The next command sets the options in the Rprofile.site file which are going to be loaded by the R session. These options specify the Shiny host and port that runApp will use.

Do not run containers as root in production. Running the container with root privileges allows unrestricted use which is to be avoided in production. Although you can find lots of examples on the Internet where the container is run as root, this is generally considered bad practice.

Switching to the root USER opens up certain security risks if an attacker gets access to the container. In order to mitigate this, switch back to a non privileged user after running the commands you need as root. – Hadolint rule DL3002

The following command creates a Linux group and user, both called app.
This user will have access to the app instead of the default root user:

RUN addgroup --system app \
    && adduser --system --ingroup app app

You can read more about security considerations here and Dockerfile related code smells here. Read about best practices and linting rules in general that can be helpful in reducing vulnerabilities of your containerized application.

The WORKDIR instruction sets the working directory for subsequent instructions. Change this to the home folder of the app user which is /home/app:

WORKDIR /home/app

The COPY instruction copies new files or directories from the source (our app folder containing the R script files for our Shiny app) and adds them to the file system of the container at the destination path (. refers to the current work directory defined at the previous step):

COPY app .

The next command sets permissions for the app user:

RUN chown app:app -R /home/app

The USER instruction sets the user name (or UID) and optionally the user group (or GID) to use when running the image:

USER app

The EXPOSE instruction tells Docker which ports the container listens on at runtime. Set this to the Shiny port defined in the Rprofile.site file:

EXPOSE 3838

Finally, the CMD instruction closes off our Dockerfile. The CMD instruction provides the defaults for an executing container. There can only be one CMD instruction in a Dockerfile (only the last CMD will take effect).

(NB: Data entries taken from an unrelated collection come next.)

lemma integrable_exp_mult_of_abs:
  fixes \<phi> :: "'a \<Rightarrow> real"
  assumes [measurable]: "\<phi> \<in> borel_measurable M"
    and "integrable M (\<lambda>x. exp (c * \<bar>\<phi> x\<bar>))" and "\<bar>s\<bar> \<le> c"
  shows "integrable M (\<lambda>x. exp (s * \<phi> x))"
proof (rule Bochner_Integration.integrable_bound)
  have "s * \<phi> x \<le> c * \<bar>\<phi> x\<bar>" for x
    using abs_ge_self[of "s * \<phi> x"] mult_right_mono[OF assms(3) abs_ge_zero[of "\<phi> x"]]
    by (simp add: abs_mult)
  then show "AE x in M. norm (exp (s * \<phi> x)) \<le> norm (exp (c * \<bar>\<phi> x\<bar>))"
    by (intro AE_I2) simp
qed (use assms in simp_all)

lemma integrable_exp_mult:
  fixes \<phi> :: "'a \<Rightarrow> real"
  assumes [measurable]: "\<phi> \<in> borel_measurable M"
    and "integrable M (\<lambda>x. exp (\<phi> x))" "integrable M (\<lambda>x. exp (- \<phi> x))" and "\<bar>s\<bar> \<le> 1"
  shows "integrable M (\<lambda>x. exp (s * \<phi> x))"
  using integrable_exp_mult_of_abs[of \<phi> M 1 s] integrable_exp_abs[of \<phi> M] assms by simp

lemma integrable_of_exp_abs:
  fixes \<phi> :: "'a \<Rightarrow> real"
  assumes [measurable]: "\<phi> \<in> borel_measurable M" and "integrable M (\<lambda>x. exp \<bar>\<phi> x\<bar>)"
  shows "integrable M \<phi>"
proof (rule Bochner_Integration.integrable_bound)
  show "AE x in M. norm (\<phi> x) \<le> norm (exp \<bar>\<phi> x\<bar>)"
    using exp_ge_add_one_self by (intro AE_I2) (smt (verit) real_norm_def)
qed (use assms in simp_all)

lemma exp_cross_sum_le:
  fixes a b t :: real
  assumes "\<bar>t\<bar> \<le> 1"
  shows "exp (t * a) * exp (- t * b) + exp (- t * a) * exp (t * b)
           \<le> 2 + t\<^sup>2 * (exp a * exp (- b) + exp (- a) * exp b - 2)"
proof -
  have "cosh (t * (a - b)) \<le> 1 + t\<^sup>2 * (cosh (a - b) - 1)"
    by (rule cosh_mult_le[OF assms])
  then show ?thesis
    by (simp add: cosh_def exp_add[symmetric] algebra_simps)
qed

context prob_space
begin

lemma mgf_mult_mgf_neg_le:
  fixes \<phi> :: "'a \<Rightarrow> real"
  assumes [measurable]: "\<phi> \<in> borel_measurable M"
    and exp_int: "integrable M (\<lambda>x. exp (\<phi> x))" "integrable M (\<lambda>x. exp (- \<phi> x))"
    and t: "\<bar>t\<bar> \<le> 1"
  shows "(\<integral>x. exp (t * \<phi> x) \<partial>M) * (\<integral>x. exp (- t * \<phi> x) \<partial>M)
           \<le> 1 + t\<^sup>2 * ((\<integral>x. exp (\<phi> x) \<partial>M) * (\<integral>x. exp (- \<phi> x) \<partial>M) - 1)"
proof -
  define m where "m s = (\<integral>x. exp (s * \<phi> x) \<partial>M)" for s
  have ie: "integrable M (\<lambda>x. exp (s * \<phi> x))" if "\<bar>s\<bar> \<le> 1" for s
    using integrable_exp_mult[OF _ exp_int that] by simp
  note ie_t = ie[OF t] ie[of "- t"] and ie_1 = ie[of 1] ie[of "- 1"]
  \<comment> \<open>Symmetrisation: integrate the pointwise bound over two independent copies \<open>v\<close> and \<open>w\<close>.\<close>
  have inner: "exp (t * \<phi> v) * m (- t) + exp (- t * \<phi> v) * m t
      \<le> 2 + t\<^sup>2 * (exp (\<phi> v) * m (- 1) + exp (- \<phi> v) * m 1 - 2)" for v
  proof -
    have "(\<integral>w. exp (t * \<phi> v) * exp (- t * \<phi> w) + exp (- t * \<phi> v) * exp (t * \<phi> w) \<partial>M)
        \<le> (\<integral>w. 2 + t\<^sup>2 * (exp (\<phi> v) * exp (- \<phi> w) + exp (- \<phi> v) * exp (\<phi> w) - 2) \<partial>M)"
      using ie_t ie_1 t by (intro integral_mono exp_cross_sum_le) auto
    then show ?thesis
      using ie_t ie_1 t by (simp add: m_def prob_space)
  qed
  have "(\<integral>v. exp (t * \<phi> v) * m (- t) + exp (- t * \<phi> v) * m t \<partial>M)
      \<le> (\<integral>v. 2 + t\<^sup>2 * (exp (\<phi> v) * m (- 1) + exp (- \<phi> v) * m 1 - 2) \<partial>M)"
    using ie_t ie_1 t by (intro integral_mono inner) auto
  then have "2 * (m t * m (- t)) \<le> 2 + t\<^sup>2 * (2 * (m 1 * m (- 1)) - 2)"
    using ie_t ie_1 t by (simp add: m_def prob_space algebra_simps)
  then show ?thesis
    by (simp add: m_def algebra_simps)
qed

Our CMD specifies the executable ("R") and parameters for the executable in an array. The -e option means you are running an expression that is shiny::runApp('/home/app'). The expression will run the Shiny app that we copied into the /home/app folder:

CMD ["R", "-e", "shiny::runApp('/home/app')"]

Build the image using docker build by specifying the tag (-t) and the context (. indicates the current directory):

docker build -t registry.gitlab.com/analythium/shinyproxy-hello/hello .

You can test and push the locally build Docker image to the container as before.

Summary

With the newfound ability to wrap any Shiny app in a Docker container, you'll be able to deploy these images to many different hosting platforms. Of course, there is a lot more to learn, e.g. about handling dependencies, persisting data across sessions and containers, and so on. We'll cover these use cases in due time. Until then, celebrate this milestone, check out further readings, and try to containerize some of your own Shiny apps.